[Saved data entries]
-*-*-
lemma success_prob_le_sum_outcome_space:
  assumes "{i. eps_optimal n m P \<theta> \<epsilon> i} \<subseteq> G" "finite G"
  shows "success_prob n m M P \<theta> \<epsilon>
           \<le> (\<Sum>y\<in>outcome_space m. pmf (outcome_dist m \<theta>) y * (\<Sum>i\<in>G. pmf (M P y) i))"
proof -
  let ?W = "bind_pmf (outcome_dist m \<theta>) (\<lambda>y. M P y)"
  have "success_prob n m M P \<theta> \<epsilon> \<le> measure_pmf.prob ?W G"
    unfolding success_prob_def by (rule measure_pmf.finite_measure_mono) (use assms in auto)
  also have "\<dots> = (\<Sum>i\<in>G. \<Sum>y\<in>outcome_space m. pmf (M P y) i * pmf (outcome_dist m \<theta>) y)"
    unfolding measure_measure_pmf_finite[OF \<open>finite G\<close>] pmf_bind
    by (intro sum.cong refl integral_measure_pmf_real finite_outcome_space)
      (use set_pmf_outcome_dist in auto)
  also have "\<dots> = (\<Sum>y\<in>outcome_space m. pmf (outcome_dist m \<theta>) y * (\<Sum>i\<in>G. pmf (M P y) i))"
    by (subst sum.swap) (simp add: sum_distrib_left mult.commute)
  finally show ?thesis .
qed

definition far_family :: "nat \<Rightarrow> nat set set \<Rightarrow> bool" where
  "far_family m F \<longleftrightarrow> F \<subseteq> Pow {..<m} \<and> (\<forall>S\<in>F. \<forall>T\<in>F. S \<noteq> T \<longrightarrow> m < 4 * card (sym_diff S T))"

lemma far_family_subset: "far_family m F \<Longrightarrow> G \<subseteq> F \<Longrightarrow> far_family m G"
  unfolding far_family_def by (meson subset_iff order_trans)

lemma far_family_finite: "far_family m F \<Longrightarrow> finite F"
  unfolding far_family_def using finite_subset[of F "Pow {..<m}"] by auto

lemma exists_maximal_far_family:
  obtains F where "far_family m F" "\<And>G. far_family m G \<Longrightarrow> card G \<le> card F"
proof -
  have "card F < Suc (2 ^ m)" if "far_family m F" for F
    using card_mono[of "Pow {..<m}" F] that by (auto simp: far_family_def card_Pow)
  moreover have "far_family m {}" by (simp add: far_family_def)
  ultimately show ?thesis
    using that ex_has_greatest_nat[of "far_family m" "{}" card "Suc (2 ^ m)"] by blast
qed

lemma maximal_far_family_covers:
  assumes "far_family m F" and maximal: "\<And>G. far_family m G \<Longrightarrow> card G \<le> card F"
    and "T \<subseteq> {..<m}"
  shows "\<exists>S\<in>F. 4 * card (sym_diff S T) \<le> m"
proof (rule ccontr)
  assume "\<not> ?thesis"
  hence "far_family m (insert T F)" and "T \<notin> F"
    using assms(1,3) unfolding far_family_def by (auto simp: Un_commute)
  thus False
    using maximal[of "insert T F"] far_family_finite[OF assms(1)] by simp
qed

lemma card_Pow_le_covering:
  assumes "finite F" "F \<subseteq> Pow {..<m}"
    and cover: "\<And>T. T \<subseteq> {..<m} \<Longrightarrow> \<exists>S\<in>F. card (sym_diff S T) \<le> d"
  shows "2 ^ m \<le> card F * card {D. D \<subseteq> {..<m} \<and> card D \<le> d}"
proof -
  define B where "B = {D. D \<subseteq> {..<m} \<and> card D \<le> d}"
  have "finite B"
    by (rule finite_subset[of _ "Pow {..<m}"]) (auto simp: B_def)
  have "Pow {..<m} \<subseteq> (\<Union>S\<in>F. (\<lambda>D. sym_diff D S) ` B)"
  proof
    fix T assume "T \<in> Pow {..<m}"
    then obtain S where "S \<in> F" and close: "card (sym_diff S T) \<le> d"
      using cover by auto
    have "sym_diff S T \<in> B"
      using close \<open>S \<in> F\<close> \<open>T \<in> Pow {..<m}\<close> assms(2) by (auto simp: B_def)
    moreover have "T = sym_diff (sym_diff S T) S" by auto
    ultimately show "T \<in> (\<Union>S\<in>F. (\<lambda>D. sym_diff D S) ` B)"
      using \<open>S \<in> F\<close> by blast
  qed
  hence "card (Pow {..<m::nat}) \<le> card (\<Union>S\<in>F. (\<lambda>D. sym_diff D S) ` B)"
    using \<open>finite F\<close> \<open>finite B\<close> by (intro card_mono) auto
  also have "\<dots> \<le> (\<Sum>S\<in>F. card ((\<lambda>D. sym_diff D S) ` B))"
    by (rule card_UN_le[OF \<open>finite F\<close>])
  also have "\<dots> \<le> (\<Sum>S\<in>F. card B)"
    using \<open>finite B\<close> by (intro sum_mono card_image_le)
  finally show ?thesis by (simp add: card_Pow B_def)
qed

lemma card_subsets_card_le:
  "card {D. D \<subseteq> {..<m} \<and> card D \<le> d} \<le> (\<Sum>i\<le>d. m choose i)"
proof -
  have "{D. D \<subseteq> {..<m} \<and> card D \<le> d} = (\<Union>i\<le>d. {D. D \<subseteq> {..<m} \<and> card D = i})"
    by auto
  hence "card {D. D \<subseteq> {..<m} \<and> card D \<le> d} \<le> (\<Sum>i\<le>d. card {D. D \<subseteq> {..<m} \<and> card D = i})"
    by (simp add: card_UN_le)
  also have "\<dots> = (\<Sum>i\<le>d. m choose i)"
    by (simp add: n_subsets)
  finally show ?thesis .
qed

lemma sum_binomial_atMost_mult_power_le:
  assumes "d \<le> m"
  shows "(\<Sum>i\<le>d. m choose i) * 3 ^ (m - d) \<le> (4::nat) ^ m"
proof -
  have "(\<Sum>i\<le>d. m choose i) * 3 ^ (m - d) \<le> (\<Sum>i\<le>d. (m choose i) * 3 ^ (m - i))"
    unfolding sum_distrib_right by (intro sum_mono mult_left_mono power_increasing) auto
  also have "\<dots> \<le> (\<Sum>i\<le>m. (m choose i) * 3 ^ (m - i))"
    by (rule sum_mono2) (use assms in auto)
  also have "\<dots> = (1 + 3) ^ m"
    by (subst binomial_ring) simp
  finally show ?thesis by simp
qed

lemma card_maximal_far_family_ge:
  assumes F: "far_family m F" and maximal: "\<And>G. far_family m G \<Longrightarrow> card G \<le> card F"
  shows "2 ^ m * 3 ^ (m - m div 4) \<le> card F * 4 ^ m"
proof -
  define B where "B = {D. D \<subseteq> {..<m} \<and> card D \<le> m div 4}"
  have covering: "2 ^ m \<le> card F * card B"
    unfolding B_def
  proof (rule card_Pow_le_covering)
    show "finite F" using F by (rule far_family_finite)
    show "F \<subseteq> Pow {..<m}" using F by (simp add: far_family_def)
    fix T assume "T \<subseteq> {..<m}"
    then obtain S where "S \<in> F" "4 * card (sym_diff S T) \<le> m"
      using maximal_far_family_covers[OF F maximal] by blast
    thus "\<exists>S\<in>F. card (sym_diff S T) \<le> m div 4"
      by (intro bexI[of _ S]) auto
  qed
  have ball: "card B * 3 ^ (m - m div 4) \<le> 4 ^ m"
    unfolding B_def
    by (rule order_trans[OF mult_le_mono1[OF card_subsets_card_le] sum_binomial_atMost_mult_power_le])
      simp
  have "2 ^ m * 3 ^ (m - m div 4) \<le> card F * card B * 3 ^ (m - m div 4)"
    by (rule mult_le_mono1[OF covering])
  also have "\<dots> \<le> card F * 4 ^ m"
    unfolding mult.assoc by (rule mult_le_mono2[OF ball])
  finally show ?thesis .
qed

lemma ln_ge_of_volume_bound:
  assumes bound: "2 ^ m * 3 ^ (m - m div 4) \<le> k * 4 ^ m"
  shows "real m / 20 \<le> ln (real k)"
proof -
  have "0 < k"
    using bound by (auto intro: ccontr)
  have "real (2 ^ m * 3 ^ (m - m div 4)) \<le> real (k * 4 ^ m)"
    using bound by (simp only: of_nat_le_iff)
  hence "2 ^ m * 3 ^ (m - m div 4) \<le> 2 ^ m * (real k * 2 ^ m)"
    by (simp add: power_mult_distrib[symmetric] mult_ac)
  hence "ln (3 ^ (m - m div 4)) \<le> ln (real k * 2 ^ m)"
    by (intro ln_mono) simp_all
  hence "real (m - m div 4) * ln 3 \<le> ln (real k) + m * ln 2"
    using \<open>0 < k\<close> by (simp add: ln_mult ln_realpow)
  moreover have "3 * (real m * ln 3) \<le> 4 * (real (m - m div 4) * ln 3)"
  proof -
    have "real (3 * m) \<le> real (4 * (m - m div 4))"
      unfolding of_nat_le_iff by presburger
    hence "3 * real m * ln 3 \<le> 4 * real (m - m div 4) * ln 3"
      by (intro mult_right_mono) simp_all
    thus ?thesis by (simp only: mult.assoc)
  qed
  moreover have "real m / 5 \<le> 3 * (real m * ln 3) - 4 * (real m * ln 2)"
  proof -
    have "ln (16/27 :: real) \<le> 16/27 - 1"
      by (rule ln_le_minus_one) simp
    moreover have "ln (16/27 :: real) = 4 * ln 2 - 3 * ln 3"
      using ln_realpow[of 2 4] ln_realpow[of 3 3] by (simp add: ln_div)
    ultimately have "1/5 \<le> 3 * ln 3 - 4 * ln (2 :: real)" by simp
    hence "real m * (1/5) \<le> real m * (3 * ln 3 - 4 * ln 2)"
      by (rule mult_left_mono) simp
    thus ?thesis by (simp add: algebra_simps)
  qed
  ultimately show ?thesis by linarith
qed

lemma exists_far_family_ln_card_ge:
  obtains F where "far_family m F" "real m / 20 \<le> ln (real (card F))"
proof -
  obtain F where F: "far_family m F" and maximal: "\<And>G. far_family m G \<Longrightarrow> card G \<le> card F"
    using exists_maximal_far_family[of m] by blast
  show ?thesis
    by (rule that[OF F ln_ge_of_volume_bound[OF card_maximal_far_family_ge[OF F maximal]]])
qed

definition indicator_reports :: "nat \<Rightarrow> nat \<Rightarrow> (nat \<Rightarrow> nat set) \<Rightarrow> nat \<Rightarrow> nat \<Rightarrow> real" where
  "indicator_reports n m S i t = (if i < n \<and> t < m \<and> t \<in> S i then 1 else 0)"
-*-*-
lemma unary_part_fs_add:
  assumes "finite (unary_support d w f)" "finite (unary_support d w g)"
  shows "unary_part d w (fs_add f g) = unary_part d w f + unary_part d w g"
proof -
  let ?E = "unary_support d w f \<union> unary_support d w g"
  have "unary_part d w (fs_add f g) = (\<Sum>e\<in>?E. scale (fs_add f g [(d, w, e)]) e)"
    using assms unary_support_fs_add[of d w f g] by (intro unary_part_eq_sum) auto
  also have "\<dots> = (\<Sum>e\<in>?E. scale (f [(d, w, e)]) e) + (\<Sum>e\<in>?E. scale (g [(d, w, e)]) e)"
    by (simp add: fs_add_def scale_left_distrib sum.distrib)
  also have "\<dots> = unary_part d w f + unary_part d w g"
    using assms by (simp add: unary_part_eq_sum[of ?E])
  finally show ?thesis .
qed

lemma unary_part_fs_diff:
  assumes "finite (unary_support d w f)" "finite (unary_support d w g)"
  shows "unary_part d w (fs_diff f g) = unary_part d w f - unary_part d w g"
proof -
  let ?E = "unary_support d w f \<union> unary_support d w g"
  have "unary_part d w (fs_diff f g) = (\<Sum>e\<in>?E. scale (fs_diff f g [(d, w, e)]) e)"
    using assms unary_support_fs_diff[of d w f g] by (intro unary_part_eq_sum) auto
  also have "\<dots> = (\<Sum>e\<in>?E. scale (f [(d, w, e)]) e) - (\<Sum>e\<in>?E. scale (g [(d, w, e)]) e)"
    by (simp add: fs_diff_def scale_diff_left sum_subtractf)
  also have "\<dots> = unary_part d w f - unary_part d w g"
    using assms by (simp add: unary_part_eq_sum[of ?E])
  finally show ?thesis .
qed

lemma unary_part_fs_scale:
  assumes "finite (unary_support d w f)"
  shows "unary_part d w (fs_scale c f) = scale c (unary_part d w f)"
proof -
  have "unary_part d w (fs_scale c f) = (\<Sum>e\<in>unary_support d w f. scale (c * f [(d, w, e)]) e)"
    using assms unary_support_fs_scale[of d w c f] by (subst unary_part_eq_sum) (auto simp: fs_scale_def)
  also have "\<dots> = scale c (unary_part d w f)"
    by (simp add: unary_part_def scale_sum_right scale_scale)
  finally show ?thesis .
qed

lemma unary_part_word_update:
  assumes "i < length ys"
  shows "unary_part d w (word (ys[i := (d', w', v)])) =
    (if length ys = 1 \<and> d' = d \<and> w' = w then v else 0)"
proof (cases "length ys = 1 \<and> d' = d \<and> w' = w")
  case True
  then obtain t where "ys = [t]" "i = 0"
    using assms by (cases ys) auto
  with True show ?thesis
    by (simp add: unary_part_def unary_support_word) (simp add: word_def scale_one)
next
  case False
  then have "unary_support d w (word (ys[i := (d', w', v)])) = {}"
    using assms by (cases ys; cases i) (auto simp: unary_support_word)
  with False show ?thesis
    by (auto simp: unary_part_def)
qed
-*-*-
Report the number of lines in the entries that hold the word "ultimately". Nothing else is wanted.

Answer to this task>
4